lemma householder_swaps:
  assumes x: "x \<in> carrier_vec n" and y: "y \<in> carrier_vec n"
    and xx: "x \<bullet>c x = y \<bullet>c y" and xy: "x \<bullet>c y = y \<bullet>c x"
  shows "householder (x - y) *\<^sub>v x = y"
proof (cases "x = y")
  case True
  then show ?thesis using x householder_fixes[of "0\<^sub>v n" n x] by simp
next
  case False
  define u where "u = x - y"
  have u: "u \<in> carrier_vec n" using x y by (simp add: u_def)
  have "u \<noteq> 0\<^sub>v n"
  proof
    assume "u = 0\<^sub>v n"
    then have "x $ i = y $ i" if "i < n" for i
      using that x y by (metis carrier_vecD index_minus_vec(1) index_zero_vec(1) right_minus_eq u_def)
    then show False using False x y by (metis carrier_vecD eq_vecI)
  qed
  then have "vnorm u \<noteq> 0" using u by (simp add: vnorm_eq_0_iff)
  have "u \<bullet>c u = 2 * (x \<bullet>c u)"
    using x y xx xy by (simp add: u_def cscalar_prod_minus_left[of _ n] cscalar_prod_minus_right[of _ n])
  then have xu: "x \<bullet>c u = of_real ((vnorm u)\<^sup>2 / 2)"
    by (simp add: cscalar_prod_self)
  have "of_real (2 / (vnorm u)\<^sup>2) * (x \<bullet>c u) = of_real (2 / (vnorm u)\<^sup>2 * ((vnorm u)\<^sup>2 / 2))"
    unfolding xu of_real_mult ..
  also have "\<dots> = 1" using \<open>vnorm u \<noteq> 0\<close> by simp
  finally have "householder u *\<^sub>v x = x - 1 \<cdot>\<^sub>v u"
    by (simp add: householder_mult_vec[OF u x])
  then show ?thesis
    using x y by (simp add: u_def) (intro eq_vecI, auto)
qed

lemma conjugate_unit_vec [simp]: "conjugate (unit_vec n k) = (unit_vec n k :: complex vec)"
  by (intro eq_vecI) (auto simp: unit_vec_def)

lemma householder_unit_vec:
  assumes y: "y \<in> carrier_vec n" "vnorm y = 1" and k: "k < n"
    and real: "Im (y $ k) = 0" and prefix: "\<And>i. i < k \<Longrightarrow> y $ i = 0"
  shows "householder (unit_vec n k - y) *\<^sub>v unit_vec n k = y"
    and "j < k \<Longrightarrow> householder (unit_vec n k - y) *\<^sub>v unit_vec n j = unit_vec n j"
proof -
  have "cnj (y $ k) = y $ k" using real by (simp add: complex_eq_iff)
  then show "householder (unit_vec n k - y) *\<^sub>v unit_vec n k = y"
    using y k by (intro householder_swaps) (simp_all add: cscalar_prod_self)
  assume "j < k"
  then show "householder (unit_vec n k - y) *\<^sub>v unit_vec n j = unit_vec n j"
    using y k prefix by (intro householder_fixes[of _ n]) auto
qed

lemma exists_unit_multiple_real_at:
  assumes z: "z \<in> carrier_vec n" "z \<noteq> 0\<^sub>v n" and k: "k < n"
  obtains a where "vnorm (a \<cdot>\<^sub>v z) = 1" "Im ((a \<cdot>\<^sub>v z) $ k) = 0"
proof -
  define p where "p = (if z $ k = 0 then 1 else cnj (z $ k) / of_real (cmod (z $ k)))"
  have p: "cmod p = 1" by (simp add: p_def norm_divide)
  have "Im (p * z $ k) = 0"
    by (simp add: p_def mult.commute[of "cnj _"] complex_norm_square[symmetric] del: of_real_power)
  moreover have "vnorm z \<noteq> 0" using z by (simp add: vnorm_eq_0_iff)
  ultimately show ?thesis
    using z k p by (intro that[of "p / of_real (vnorm z)"]) (simp_all add: vnorm_smult norm_divide)
qed
lemma bdd_above_joint_norm:
  assumes "\<And>k. k < d \<Longrightarrow> bounded_linear (F k :: 'a::chilbert \<Rightarrow> 'a)"
  shows "bdd_above ((\<lambda>x. sqrt (\<Sum>k<d. (norm (F k x))^2)) ` {x. norm x \<le> 1})"
proof -
  have "\<forall>k. \<exists>K. k < d \<longrightarrow> (\<forall>x. norm (F k x) \<le> norm x * K) \<and> K > 0"
    using assms bounded_linear.pos_bounded by blast
  then obtain K where K: "\<And>k x. k < d \<Longrightarrow> norm (F k x) \<le> norm x * K k" "\<And>k. k < d \<Longrightarrow> K k > 0"
    by metis
  have "(norm (F k x))^2 \<le> (K k)^2" if "k < d" "norm x \<le> 1" for k x
  proof -
    have "norm (F k x) \<le> norm x * K k" by (rule K(1)[OF that(1)])
    also have "\<dots> \<le> K k" using K(2)[OF that(1)] that(2) by (simp add: mult_left_le_one_le)
    finally show ?thesis by (intro power_mono) auto
  qed
  then show ?thesis
    by (intro bdd_aboveI2[where M="sqrt (\<Sum>k<d. (K k)^2)"]) (auto intro!: sum_mono)
qed

lemma joint_norm_upper:
  assumes "\<And>k. k < d \<Longrightarrow> bounded_linear (F k :: 'a::chilbert \<Rightarrow> 'a)" "norm x \<le> 1"
  shows "sqrt (\<Sum>k<d. (norm (F k x))^2) \<le> joint_norm d F"
  unfolding joint_norm_def
  by (rule cSUP_upper) (use assms(2) bdd_above_joint_norm[OF assms(1)] in auto)

lemma joint_norm_nonneg:
  assumes "\<And>k. k < d \<Longrightarrow> bounded_linear (F k :: 'a::chilbert \<Rightarrow> 'a)"
  shows "0 \<le> joint_norm d F"
proof -
  have "0 \<le> sqrt (\<Sum>k<d. (norm (F k 0))^2)" by (simp add: sum_nonneg)
  also have "\<dots> \<le> joint_norm d F" using joint_norm_upper[where F=F and x=0] assms by simp
  finally show ?thesis .
qed

lemma sum_norm_sq_le_joint_norm:
  assumes bl: "\<And>k. k < d \<Longrightarrow> bounded_linear (F k :: 'a::chilbert \<Rightarrow> 'a)"
  shows "(\<Sum>k<d. (norm (F k y))^2) \<le> (joint_norm d F)^2 * (norm y)^2"
proof (cases "y = 0")
  case True
  have "(\<Sum>k<d. (norm (F k y))^2) = 0"
    by (rule sum.neutral) (use bl True linear_simps(3) in auto)
  then show ?thesis by simp
next
  case False
  define x where "x = scaleR (1 / norm y) y"
  have Fx: "(norm (F k x))^2 = (norm (F k y))^2 / (norm y)^2" if "k < d" for k
    using linear_simps(5)[OF bl[OF that]] by (simp add: x_def power_divide)
  have "sqrt (\<Sum>k<d. (norm (F k x))^2) \<le> joint_norm d F"
    using joint_norm_upper[of d F x] bl by (simp add: x_def)
  then have "sqrt ((\<Sum>k<d. (norm (F k y))^2) / (norm y)^2) \<le> joint_norm d F"
    by (simp add: Fx sum_divide_distrib)
  then have "(sqrt ((\<Sum>k<d. (norm (F k y))^2) / (norm y)^2))^2 \<le> (joint_norm d F)^2"
    by (rule power_mono) (simp_all add: sum_nonneg)
  then have "(\<Sum>k<d. (norm (F k y))^2) / (norm y)^2 \<le> (joint_norm d F)^2"
    by (simp add: sum_nonneg)
  then show ?thesis using False by (simp add: pos_divide_le_eq)
qed

lemma joint_norm_cong:
  assumes "\<And>k x. k < d \<Longrightarrow> norm (F k x) = norm (G k x)"
  shows "joint_norm d F = joint_norm d (G :: nat \<Rightarrow> 'a::chilbert \<Rightarrow> 'a)"
proof -
  have "(\<Sum>k<d. (norm (F k x))^2) = (\<Sum>k<d. (norm (G k x))^2)" for x
    by (rule sum.cong) (simp_all add: assms)
  then show ?thesis unfolding joint_norm_def by simp
qed

lemma joint_norm_comp_le:
  assumes bS: "\<And>k. k < d \<Longrightarrow> bounded_linear (S k :: 'a::chilbert \<Rightarrow> 'a)"
    and bT: "\<And>k. k < d \<Longrightarrow> bounded_linear (T k :: 'a \<Rightarrow> 'a)"
  shows "joint_norm d (\<lambda>k. S k \<circ> T k) \<le> joint_norm d S * joint_norm d T"
proof (rule joint_norm_least)
  fix x :: 'a assume x: "norm x \<le> 1"
  let ?JS = "joint_norm d S" and ?JT = "joint_norm d T"
  have "(\<Sum>k<d. (norm ((S k \<circ> T k) x))^2) \<le> (\<Sum>k<d. \<Sum>j<d. (norm (S j (T k x)))^2)"
  proof (rule sum_mono)
    fix k assume "k \<in> {..<d}"
    then show "(norm ((S k \<circ> T k) x))^2 \<le> (\<Sum>j<d. (norm (S j (T k x)))^2)"
      using member_le_sum[of k "{..<d}" "\<lambda>j. (norm (S j (T k x)))^2"] by simp
  qed
  also have "\<dots> \<le> (\<Sum>k<d. ?JS^2 * (norm (T k x))^2)"
    by (intro sum_mono sum_norm_sq_le_joint_norm bS)
  also have "\<dots> = ?JS^2 * (\<Sum>k<d. (norm (T k x))^2)" by (simp add: sum_distrib_left)
  also have "\<dots> \<le> ?JS^2 * (?JT^2 * (norm x)^2)"
    by (intro mult_left_mono sum_norm_sq_le_joint_norm bT zero_le_power2)
  also have "\<dots> \<le> ?JS^2 * (?JT^2 * 1)"
    using x by (intro mult_left_mono) (auto simp: power_le_one)
  finally show "sqrt (\<Sum>k<d. (norm ((S k \<circ> T k) x))^2) \<le> ?JS * ?JT"
    by (intro real_le_lsqrt mult_nonneg_nonneg joint_norm_nonneg bS bT)
       (simp_all add: power_mult_distrib)
qed

lemma joint_norm_sq_le_sqrt_mult_cadjoint_comp:
  assumes bc: "\<And>k. k < d \<Longrightarrow> bounded_clinear (T k :: 'a::chilbert \<Rightarrow> 'a)"
  shows "(joint_norm d T)^2 \<le> sqrt (real d) * joint_norm d (\<lambda>k. cadjoint (T k) \<circ> T k)"
proof -
  let ?A = "\<lambda>k. cadjoint (T k) \<circ> T k"
  have bT: "bounded_linear (T k)" and bA: "bounded_linear (?A k)" if "k < d" for k
    using bc[OF that] bounded_clinear_cadjoint[OF bc[OF that]]
    by (auto simp: bounded_clinear_def o_def intro: bounded_linear_compose)
  have "joint_norm d T \<le> sqrt (sqrt (real d) * joint_norm d ?A)"
  proof (rule joint_norm_least)
    fix x :: 'a assume x: "norm x \<le> 1"
    have "(\<Sum>k<d. (norm (T k x))^2) \<le> (\<Sum>k<d. \<bar>1\<bar> * \<bar>norm (?A k x)\<bar>)"
    proof (intro sum_mono)
      fix k assume "k \<in> {..<d}"
      then have "(norm (T k x))^2 \<le> norm x * norm (?A k x)"
        using norm_sq_le_norm_cadjoint_comp[OF bc] by simp
      also have "\<dots> \<le> norm (?A k x)" using x by (simp add: mult_left_le_one_le)
      finally show "(norm (T k x))^2 \<le> \<bar>1\<bar> * \<bar>norm (?A k x)\<bar>" by simp
    qed
    also have "\<dots> \<le> L2_set (\<lambda>_. 1) {..<d} * L2_set (\<lambda>k. norm (?A k x)) {..<d}"
      by (rule L2_set_mult_ineq)
    also have "\<dots> \<le> sqrt (real d) * joint_norm d ?A"
      using joint_norm_upper[OF bA x] by (simp add: L2_set_def mult_left_mono)
    finally show "sqrt (\<Sum>k<d. (norm (T k x))^2) \<le> sqrt (sqrt (real d) * joint_norm d ?A)"
      by simp
  qed
  then have "(joint_norm d T)^2 \<le> (sqrt (sqrt (real d) * joint_norm d ?A))^2"
    by (rule power_mono) (rule joint_norm_nonneg[OF bT])
  also have "\<dots> = sqrt (real d) * joint_norm d ?A" using joint_norm_nonneg[OF bA] by simp
  finally show ?thesis .
qed

theorem theorem2p5:
  fixes T :: "nat \<Rightarrow> 'a::chilbert \<Rightarrow> 'a" and d :: nat
  assumes "normal_tuple d T"
  shows "joint_norm d (\<lambda>k. T k \<circ> T k) = joint_norm d (\<lambda>k. cadjoint (T k) \<circ> T k)
    \<and> joint_norm d (\<lambda>k. cadjoint (T k) \<circ> T k) \<le> (joint_norm d T)\<^sup>2
    \<and> (joint_norm d T)\<^sup>2 = (joint_norm d (\<lambda>k. cadjoint (T k)))\<^sup>2
    \<and> (joint_norm d (\<lambda>k. cadjoint (T k)))\<^sup>2 \<le> sqrt (real d) * joint_norm d (\<lambda>k. T k \<circ> T k)"
proof -
  have normal: "normal_op (T k)" if "k < d" for k
    using assms that by (simp add: normal_tuple_def)
  then have bc: "bounded_clinear (T k)" if "k < d" for k
    using that by (simp add: normal_op_def)
  then have bl: "bounded_linear (T k)" if "k < d" for k
    using that by (simp add: bounded_clinear_def)
  have square_eq: "joint_norm d (\<lambda>k. T k \<circ> T k) = joint_norm d (\<lambda>k. cadjoint (T k) \<circ> T k)"
    by (rule joint_norm_cong) (simp add: normal_op_norm_cadjoint normal)
  have adjoint_eq: "joint_norm d (\<lambda>k. cadjoint (T k)) = joint_norm d T"
    by (rule joint_norm_cong) (simp add: normal_op_norm_cadjoint normal)
  have "joint_norm d (\<lambda>k. T k \<circ> T k) \<le> (joint_norm d T)\<^sup>2"
    using joint_norm_comp_le[OF bl bl] by (simp add: power2_eq_square)
  then show ?thesis
    using square_eq adjoint_eq joint_norm_sq_le_sqrt_mult_cadjoint_comp[OF bc] by simp
qed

+--

## WHAT IS NEEDED:
Would you return all lines from the preceding listing that contain the word "also"?

## SOLUTION TO THE EXERCISE:
  also have "\<dots> = 1" using \<open>vnorm u \<noteq> 0\<close> by simp
    also have "\<dots> \<le> K k" using K(2)[OF that(1)] that(2) by (simp add: mult_left_le_one_le)
  also have "\<dots> \<le> joint_norm d F" using joint_norm_upper[where F=F and x=0] assms by simp
  also have "\<dots> \<le> (\<Sum>k<d. ?JS^2 * (norm (T k x))^2)"
  also have "\<dots> = ?JS^2 * (\<Sum>k<d. (norm (T k x))^2)" by (simp add: sum_distrib_left)
  also have "\<dots> \<le> ?JS^2 * (?JT^2 * (norm x)^2)"
  also have "\<dots> \<le> ?JS^2 * (?JT^2 * 1)"
      also have "\<dots> \<le> norm (?A k x)" using x by (simp add: mult_left_le_one_le)
    also have "\<dots> \<le> L2_set (\<lambda>_. 1) {..<d} * L2_set (\<lambda>k. norm (?A k x)) {..<d}"
    also have "\<dots> \<le> sqrt (real d) * joint_norm d ?A"
  also have "\<dots> = sqrt (real d) * joint_norm d ?A" using joint_norm_nonneg[OF bA] by simp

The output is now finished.